Perhaps if you start digging into something, we can all throw our 2 cents in. Would be cool if someone could up load the score...


----------



## Lisztfreak

I've got a rather off-topic question for anyone who knows something about instrumentation. I've been wondering if a chamber-orchestra combination of 3 flutes (one of which possibly piccolo), 2 clarinets, 2 violins, 2 cellos, a harp and a tabor drum would be balanced? Plus 3 to 5 male singer voices (say, 2 tenors, baritone and bass). 

I'm asking because I thought how cool it would be to put the dwarves' song from The Hobbit to music.


----------



## danae

Lisztfreak said:


> I've got a rather off-topic question for anyone who knows something about instrumentation. I've been wondering if a chamber-orchestra combination of 3 flutes (one of which possibly piccolo), 2 clarinets, 2 violins, 2 cellos, a harp and a tabor drum would be balanced? Plus 3 to 5 male singer voices (say, 2 tenors, baritone and bass).
> 
> I'm asking because I thought how cool it would be to put the dwarves' song from The Hobbit to music.

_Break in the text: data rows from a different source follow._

(* The same cover works: g maps the fibres over G into the
   \<delta>-neighbourhood of the compact set g(f^-1(y)), because f is closed; then h maps them into the
   2\<delta>-neighbourhood, which meets Z inside the cover by the uniform margin lemma. *)
lemma small_order_coverable_stable:
  fixes g :: "'a \<Rightarrow> 'm::metric_space"
  assumes proper: "proper_map X Y f" and g: "continuous_map X euclidean g" and Z: "closed Z"
    and y: "y \<in> topspace Y"
    and cov: "small_order_coverable n k (g ` {x \<in> topspace X. f x = y} \<inter> Z)"
  obtains \<delta> G where "\<delta> > 0" "openin Y G" "y \<in> G"
    "\<forall>h y'. y' \<in> G \<and> (\<forall>x\<in>topspace X. f x = y' \<longrightarrow> dist (h x) (g x) < \<delta>)
       \<longrightarrow> small_order_coverable n k (h ` {x \<in> topspace X. f x = y'} \<inter> Z)"
proof -
  define A where "A = g ` {x \<in> topspace X. f x = y}"
  have "compactin X {x \<in> topspace X. f x = y}"
    using proper y unfolding proper_map_def by blast
  then have "compact A"
    using image_compactin[OF _ g] unfolding A_def by (simp add: compactin_euclidean_iff)
  obtain \<U> where U_open: "\<forall>U\<in>\<U>. open U" and U_cover: "A \<inter> Z \<subseteq> \<Union>\<U>"
    and U_small: "(\<forall>U\<in>\<U>. \<forall>a\<in>U. \<forall>b\<in>U. dist a b \<le> 1 / real k) \<and> order_le UNIV \<U> n"
    using cov unfolding small_order_coverable_def A_def by blast
  obtain \<rho> where "\<rho> > 0" and margin: "\<And>a z. \<lbrakk>a \<in> A; z \<in> Z; dist z a < \<rho>\<rbrakk> \<Longrightarrow> z \<in> \<Union>\<U>"
    using compact_closed_uniform_margin[OF \<open>compact A\<close> Z _ U_cover] U_open by blast
  define V where "V = {x \<in> topspace X. g x \<in> (\<Union>a\<in>A. ball a (\<rho> / 2))}"
  define G where "G = topspace Y - f ` (topspace X - V)"
  have "openin X V"
    unfolding V_def by (rule openin_continuous_map_preimage[OF g]) auto
  then have "closedin Y (f ` (topspace X - V))"
    using proper unfolding proper_map_def closed_map_def by (simp add: closedin_diff)
  then have G_open: "openin Y G"
    unfolding G_def by (simp add: openin_diff)
  have y_in: "y \<in> G"
    using y \<open>\<rho> > 0\<close> unfolding G_def V_def A_def by force
  have stable: "\<forall>h y'. y' \<in> G \<and> (\<forall>x\<in>topspace X. f x = y' \<longrightarrow> dist (h x) (g x) < \<rho> / 2)
      \<longrightarrow> small_order_coverable n k (h ` {x \<in> topspace X. f x = y'} \<inter> Z)"
  proof (intro allI impI)
    fix h y' assume "y' \<in> G \<and> (\<forall>x\<in>topspace X. f x = y' \<longrightarrow> dist (h x) (g x) < \<rho> / 2)"
    then have y': "y' \<in> G" and h: "\<forall>x\<in>topspace X. f x = y' \<longrightarrow> dist (h x) (g x) < \<rho> / 2"
      by blast+
    have "h x \<in> \<Union>\<U>" if x: "x \<in> topspace X" "f x = y'" and hZ: "h x \<in> Z" for x
    proof -
      have "x \<in> V"
        using x y' unfolding G_def by blast
      then obtain a where a: "a \<in> A" "dist a (g x) < \<rho> / 2"
        unfolding V_def by auto
      have "dist (h x) a \<le> dist (h x) (g x) + dist a (g x)"
        by (rule dist_triangle2)
      also have "\<dots> < \<rho>"
        using h x a(2) by fastforce
      finally show ?thesis
        using margin[OF a(1) hZ] by blast
    qed
    then show "small_order_coverable n k (h ` {x \<in> topspace X. f x = y'} \<inter> Z)"
      unfolding small_order_coverable_def using U_open U_small by blast
  qed
  have "0 < \<rho> / 2"
    using \<open>\<rho> > 0\<close> by simp
  then show ?thesis
    by (rule that[OF _ G_open y_in stable])
qed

I think any combination can be balanced, if you know how to balance it, in other words, if you know how to orchestrate a piece or transcribe it for a different ensemble. There are many cases in which you are required to write something for a sometimes weird combination, and you need to have the skill to make it work. I don't think your combination is so unbalanced, although I think you may trouble when you just use only one percussion instrument in such a combination.


----------



## Lisztfreak

danae said:


> I think any combination can be balanced, if you know how to balance it, in other words, if you know how to orchestrate a piece or transcribe it for a different ensemble. There are many cases in which you are required to write something for a sometimes weird combination, and you need to have the skill to make it work. I don't think your combination is so unbalanced, although I think you may trouble when you just use only one percussion instrument in such a combination.


Thanks a lot for your opinion! Not enough percussion, you think? I have in fact copied the instrumentation from the book itself, Tolkien says exactly which dwarf plays which instrument. Of course, Tolkien was no musician.

What other percussion instrument might I add? How about a tambourine and a glockenspiel?


----------